Raka tersenyum tipis.
"Kamu pikir aku ini lemah? Kamu belum mengenal siapa Raka dan siapa Bimo, Naura. Kamu lihat saja, apa yang akan terjadi dengannya setelah ini. Aku akan menemui dia sore ini," cetus Raka dengan rahang terlihat mengeras.
"Naura, boleh aku minta satu hal?" tanya Raka terlihat ragu-ragu.
"Apa itu, Mas. Jangan meminta hal yang tidak mungkin bisa kukabulkan," jawabnya.
Raka kembali tersenyum. Ia paham benar bagaimana trauma yang ditinggalkan oleh Bimo kepada Naura.
"Ganti nomor ponsel kamu, ya? Nanti malam saya jemput kalau kamu setuju. Saya yang beli, sekaligus kita makan di luar. Biar kamu gak dihubungi Bimo lagi," pinta Raka dengan ekspresi memohon, membuat Naura iba.

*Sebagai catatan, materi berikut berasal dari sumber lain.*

(* Let $G$ be any connected graph on $N\ge2$ vertices and, for $x\ge0$, let $$\rho_N(x)=\frac{\mathbb{1}+x|\psi_G\rangle\langle\psi_G|}{2^N+x}$$ be the maximally (globally) depolarized graph state. If $x\le 2$, equivalently if the fidelity $\langle\psi_G|\rho_N(x)|\psi_G\rangle=(1+x)/(2^N+x)$ is at most $3/(2^N+2)$, then $\rho_N(x)$ cannot be purified to $|\psi_G\rangle$ by any protocol.
   Context: Graph state $|\psi_G\rangle$: common $+1$ eigenstate of $K_i=X_i\prod_{\{i,j\}\in E_G}Z_j$ (equivalently $|+\rangle^{\otimes N}$ followed by controlled-phase gates along every edge). Purification: each qubit held by a distinct party holding that qubit from arbitrarily many copies; using SLOCC they must produce $|\psi_G\rangle$ with fidelity arbitrarily close to 1. Known input: a two-qubit Bell-diagonal state with weight $\lambda_{00}$ on the target Bell state is purifiable iff $\lambda_{00}>1/2$. *)

theory Defs
  imports Complex_Main "HOL-Library.FuncSet"
begin

definition simple_graph :: "nat \<Rightarrow> (nat \<Rightarrow> nat \<Rightarrow> bool) \<Rightarrow> bool" where
  "simple_graph N E \<longleftrightarrow>
     (\<forall>i j. E i j \<longrightarrow> i < N \<and> j < N \<and> i \<noteq> j) \<and> (\<forall>i j. E i j \<longrightarrow> E j i)"

definition connected_graph :: "nat \<Rightarrow> (nat \<Rightarrow> nat \<Rightarrow> bool) \<Rightarrow> bool" where
  "connected_graph N E \<longleftrightarrow> simple_graph N E \<and> (\<forall>i<N. \<forall>j<N. E\<^sup>*\<^sup>* i j)"

definition basis :: "nat \<Rightarrow> (nat \<Rightarrow> bool) set" where
  "basis N = PiE {..<N} (\<lambda>_. UNIV)"

(* |psi_G> = prod_{edges} CZ |+>^N, whose amplitude on |z> is
   2^(-N/2) (-1)^(number of edges {i,j} with z_i = z_j = 1). *)
definition graph_state :: "nat \<Rightarrow> (nat \<Rightarrow> nat \<Rightarrow> bool) \<Rightarrow> (nat \<Rightarrow> bool) \<Rightarrow> complex" where
  "graph_state N E z =
     complex_of_real ((-1) ^ card {(i, j). i < j \<and> j < N \<and> E i j \<and> z i \<and> z j} / sqrt (2 ^ N))"

definition depol_state ::
  "nat \<Rightarrow> (nat \<Rightarrow> nat \<Rightarrow> bool) \<Rightarrow> real \<Rightarrow> (nat \<Rightarrow> bool) \<Rightarrow> (nat \<Rightarrow> bool) \<Rightarrow> complex" where
  "depol_state N E x z w =
     ((if z = w then 1 else 0) + complex_of_real x * graph_state N E z * cnj (graph_state N E w))
       / complex_of_real (2 ^ N + x)"

(* Basis labels of k copies of an N-qubit state, grouped by party:
   b i j = bit of qubit i in copy j. Party i holds the qubits b i 0, ..., b i (k-1). *)
definition copies_basis :: "nat \<Rightarrow> nat \<Rightarrow> (nat \<Rightarrow> nat \<Rightarrow> bool) set" where
  "copies_basis N k = PiE {..<N} (\<lambda>_. PiE {..<k} (\<lambda>_. UNIV))"

definition copy_of :: "nat \<Rightarrow> (nat \<Rightarrow> nat \<Rightarrow> bool) \<Rightarrow> nat \<Rightarrow> (nat \<Rightarrow> bool)" where
  "copy_of N b j = (\<lambda>i\<in>{..<N}. b i j)"

definition tensor_power ::
  "nat \<Rightarrow> nat \<Rightarrow> ((nat \<Rightarrow> bool) \<Rightarrow> (nat \<Rightarrow> bool) \<Rightarrow> complex)
     \<Rightarrow> (nat \<Rightarrow> nat \<Rightarrow> bool) \<Rightarrow> (nat \<Rightarrow> nat \<Rightarrow> bool) \<Rightarrow> complex" where
  "tensor_power N k rho b b' = (\<Prod>j<k. rho (copy_of N b j) (copy_of N b' j))"

(* SLOCC branch: party i applies a local operator A i : C^(2^k) \<rightarrow> C^2, given by its
   matrix entries A i c v (output bit c, input label v : {..<k} \<rightarrow> bool). *)
definition slocc_output ::
  "nat \<Rightarrow> nat \<Rightarrow> (nat \<Rightarrow> bool \<Rightarrow> (nat \<Rightarrow> bool) \<Rightarrow> complex)
     \<Rightarrow> ((nat \<Rightarrow> nat \<Rightarrow> bool) \<Rightarrow> (nat \<Rightarrow> nat \<Rightarrow> bool) \<Rightarrow> complex)
     \<Rightarrow> (nat \<Rightarrow> bool) \<Rightarrow> (nat \<Rightarrow> bool) \<Rightarrow> complex" where
  "slocc_output N k A R c c' =
     (\<Sum>b\<in>copies_basis N k. \<Sum>b'\<in>copies_basis N k.
        (\<Prod>i<N. A i (c i) (b i)) * R b b' * (\<Prod>i<N. cnj (A i (c' i) (b' i))))"

definition trace_op :: "nat \<Rightarrow> ((nat \<Rightarrow> bool) \<Rightarrow> (nat \<Rightarrow> bool) \<Rightarrow> complex) \<Rightarrow> complex" where
  "trace_op N S = (\<Sum>c\<in>basis N. S c c)"

definition fidelity ::
  "nat \<Rightarrow> ((nat \<Rightarrow> bool) \<Rightarrow> complex) \<Rightarrow> ((nat \<Rightarrow> bool) \<Rightarrow> (nat \<Rightarrow> bool) \<Rightarrow> complex) \<Rightarrow> real" where
  "fidelity N phi S =
     Re ((\<Sum>c\<in>basis N. \<Sum>c'\<in>basis N. cnj (phi c) * S c c' * phi c') / trace_op N S)"

(* rho (an N-qubit state, one qubit per party) is purifiable to phi iff for every eps > 0
   there is a number k of copies and an SLOCC branch (product of local operators) with
   nonzero success probability whose normalised output has fidelity >= 1 - eps with phi. *)
definition purifiable ::
  "nat \<Rightarrow> ((nat \<Rightarrow> bool) \<Rightarrow> (nat \<Rightarrow> bool) \<Rightarrow> complex) \<Rightarrow> ((nat \<Rightarrow> bool) \<Rightarrow> complex) \<Rightarrow> bool" where
  "purifiable N rho phi \<longleftrightarrow>
     (\<forall>\<epsilon>>0. \<exists>k A. let S = slocc_output N k A (tensor_power N k rho) in
        trace_op N S \<noteq> 0 \<and> fidelity N phi S \<ge> 1 - \<epsilon>)"

end

theory Submission
  imports Defs "HOL-Analysis.Convex"
begin

(* Cut the graph between its last vertex n and the others. Since n has a neighbour, the graph
   state is maximally entangled across this cut: conditioned on qubit n, the other qubits are in
   two orthogonal states of squared norm 1/2. For x <= 2 the depolarized state is separable across
   the cut, i.e. a positive combination of product vectors. Tensor powers and local operators map
   product vectors to product vectors, so every SLOCC output is separable across the cut as well,
   and a separable state has fidelity at most 1/2 with a state that is maximally entangled across
   the cut. *)

lemma sum_PiE_lessThan_Suc:
  fixes F :: "_ \<Rightarrow> 'c::comm_monoid_add"
  assumes "\<And>i. i \<le> n \<Longrightarrow> finite (T i)"
  shows "(\<Sum>b\<in>PiE {..<Suc n} T. F b) = (\<Sum>y\<in>T n. \<Sum>r\<in>PiE {..<n} T. F (r(n := y)))"
proof -
  have "(\<Sum>b\<in>PiE {..<Suc n} T. F b) = (\<Sum>b\<in>(\<lambda>(y, r). r(n := y)) ` (T n \<times> PiE {..<n} T). F b)"
    by (simp add: lessThan_Suc PiE_insert_eq)
  also have "\<dots> = (\<Sum>(y, r)\<in>T n \<times> PiE {..<n} T. F (r(n := y)))"
    by (subst sum.reindex) (auto intro!: inj_combinator simp: case_prod_beta)
  also have "\<dots> = (\<Sum>y\<in>T n. \<Sum>r\<in>PiE {..<n} T. F (r(n := y)))"
    using assms by (subst sum.cartesian_product) (auto intro!: finite_PiE)
  finally show ?thesis .
qed

lemma restrict_fun_upd_PiE:
  fixes n :: nat
  assumes "r \<in> PiE {..<n} T"
  shows "restrict (r(n := y)) {..<n} = r"
  using assms by (auto simp: PiE_def extensional_def fun_eq_iff)

lemma finite_basis [simp]: "finite (basis n)"
  unfolding basis_def by (intro finite_PiE) auto

lemma card_basis: "card (basis n) = 2 ^ n"
  unfolding basis_def by (simp add: card_PiE)

lemma copy_of_in_basis [simp]: "copy_of N b j \<in> basis N"
  unfolding copy_of_def basis_def by auto

lemma sum_basis_Suc: "(\<Sum>c\<in>basis (Suc n). F c) = (\<Sum>y\<in>UNIV. \<Sum>r\<in>basis n. F (r(n := y)))"
  unfolding basis_def by (rule sum_PiE_lessThan_Suc) auto

lemma basis_Suc_eq_fun_upd:
  assumes "z \<in> basis (Suc n)"
  shows "(restrict z {..<n})(n := z n) = z"
  using assms by (auto simp: basis_def PiE_def extensional_def fun_eq_iff)

section \<open>Separability across the cut between qubit n and the rest\<close>

definition ensemble :: "'m set \<Rightarrow> ('m \<Rightarrow> 'x \<Rightarrow> complex) \<Rightarrow> 'x \<Rightarrow> 'x \<Rightarrow> complex" where
  "ensemble J U c c' = (\<Sum>m\<in>J. U m c * cnj (U m c'))"

lemma sum_sum_ensemble:
  "(\<Sum>c\<in>X. \<Sum>c'\<in>X. p c * ensemble J U c c' * q c') =
    (\<Sum>m\<in>J. (\<Sum>c\<in>X. p c * U m c) * (\<Sum>c'\<in>X. cnj (U m c') * q c'))"
proof -
  have "(\<Sum>c\<in>X. \<Sum>c'\<in>X. p c * ensemble J U c c' * q c') =
      (\<Sum>c\<in>X. \<Sum>c'\<in>X. \<Sum>m\<in>J. (p c * U m c) * (cnj (U m c') * q c'))"
    unfolding ensemble_def by (simp add: sum_distrib_left sum_distrib_right mult_ac)
  also have "\<dots> = (\<Sum>c\<in>X. \<Sum>m\<in>J. \<Sum>c'\<in>X. (p c * U m c) * (cnj (U m c') * q c'))"
    by (intro sum.cong refl sum.swap)
  also have "\<dots> = (\<Sum>m\<in>J. \<Sum>c\<in>X. \<Sum>c'\<in>X. (p c * U m c) * (cnj (U m c') * q c'))"
    by (rule sum.swap)
  also have "\<dots> = (\<Sum>m\<in>J. (\<Sum>c\<in>X. p c * U m c) * (\<Sum>c'\<in>X. cnj (U m c') * q c'))"
    by (simp add: sum_product)
  finally show ?thesis .
qed

lemma ensemble_scale:
  assumes "0 \<le> a"
  shows "ensemble J (\<lambda>m c. of_real (sqrt a) * U m c) c c' = of_real a * ensemble J U c c'"
  unfolding ensemble_def sum_distrib_left
  by (intro sum.cong refl)
    (simp add: assms mult_ac flip: of_real_mult[of "sqrt a" "sqrt a"])

definition cut_product :: "nat \<Rightarrow> ('a \<Rightarrow> complex) \<Rightarrow> ((nat \<Rightarrow> 'a) \<Rightarrow> complex) \<Rightarrow> (nat \<Rightarrow> 'a) \<Rightarrow> complex"
  where "cut_product n u v c = u (c n) * v (restrict c {..<n})"

lemma cut_product_fun_upd:
  "r \<in> PiE {..<n} T \<Longrightarrow> cut_product n u v (r(n := y)) = u y * v r"
  unfolding cut_product_def by (simp add: restrict_fun_upd_PiE)

(* The index type is fixed to nat because a definition cannot quantify over types;
   cut_separableI accepts any finite index set. *)
definition cut_separable :: "nat \<Rightarrow> ((nat \<Rightarrow> bool) \<Rightarrow> (nat \<Rightarrow> bool) \<Rightarrow> complex) \<Rightarrow> bool" where
  "cut_separable n R \<longleftrightarrow> (\<exists>(I :: nat set) u v. finite I \<and>
     (\<forall>z\<in>basis (Suc n). \<forall>w\<in>basis (Suc n). R z w = ensemble I (\<lambda>m. cut_product n (u m) (v m)) z w))"

lemma cut_separableI:
  assumes "finite J"
    and "\<And>z w. z \<in> basis (Suc n) \<Longrightarrow> w \<in> basis (Suc n) \<Longrightarrow>
      R z w = ensemble J (\<lambda>m. cut_product n (u m) (v m)) z w"
  shows "cut_separable n R"
proof -
  obtain h where h: "bij_betw h {0..<card J} J"
    using ex_bij_betw_nat_finite[OF assms(1)] by blast
  have "ensemble J (\<lambda>m. cut_product n (u m) (v m)) z w =
      ensemble {0..<card J} (\<lambda>i. cut_product n (u (h i)) (v (h i))) z w" for z w
    unfolding ensemble_def by (rule sum.reindex_bij_betw[OF h, symmetric])
  then show ?thesis
    unfolding cut_separable_def using assms(2)
    by (intro exI[of _ "{0..<card J}"] exI[of _ "\<lambda>i. u (h i)"] exI[of _ "\<lambda>i. v (h i)"]) simp
qed

section \<open>Copies and local operations preserve separability\<close>

lemma tensor_power_ensemble:
  assumes "finite I"
    and "\<And>z w. z \<in> basis N \<Longrightarrow> w \<in> basis N \<Longrightarrow> rho z w = ensemble I f z w"
  shows "tensor_power N k rho =
    ensemble (PiE {..<k} (\<lambda>_. I)) (\<lambda>M b. \<Prod>j<k. f (M j) (copy_of N b j))"
proof (intro ext)
  fix b b'
  have "tensor_power N k rho b b' =
      (\<Prod>j<k. \<Sum>m\<in>I. f m (copy_of N b j) * cnj (f m (copy_of N b' j)))"
    unfolding tensor_power_def using assms(2) by (simp add: ensemble_def)
  also have "\<dots> = (\<Sum>M\<in>PiE {..<k} (\<lambda>_. I).
      \<Prod>j<k. f (M j) (copy_of N b j) * cnj (f (M j) (copy_of N b' j)))"
    using assms(1) by (rule prod_sum_PiE[OF finite_lessThan])
  also have "\<dots> = ensemble (PiE {..<k} (\<lambda>_. I)) (\<lambda>M b. \<Prod>j<k. f (M j) (copy_of N b j)) b b'"
    unfolding ensemble_def by (simp add: prod.distrib)
  finally show "tensor_power N k rho b b' = \<dots>" .
qed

Gadis itu mengangguk setuju. Tak lama berselang Raka terlihat serius mengetik pesan singkat yang sengaja ia kirim untuk Bimo. Kali ini ia marah besar mengetahui sikap Bimo yang dinilai keterlaluan.
"Temui aku sore ini, jika kamu tidak berani ... saya akan datang langsung dan mengatakan semuanya di depan mertua kamu!"
"Ada apa, Mas?" tanya Naura setelah menangkap ekspresi tegang Raka menatap ponsel di genggamannya.
"Saya akan mengakhiri penderitaan kamu, Naura. Besok dan setelahnya ... saya janji tidak akan ada teror lagi dari Bimo," terangnya.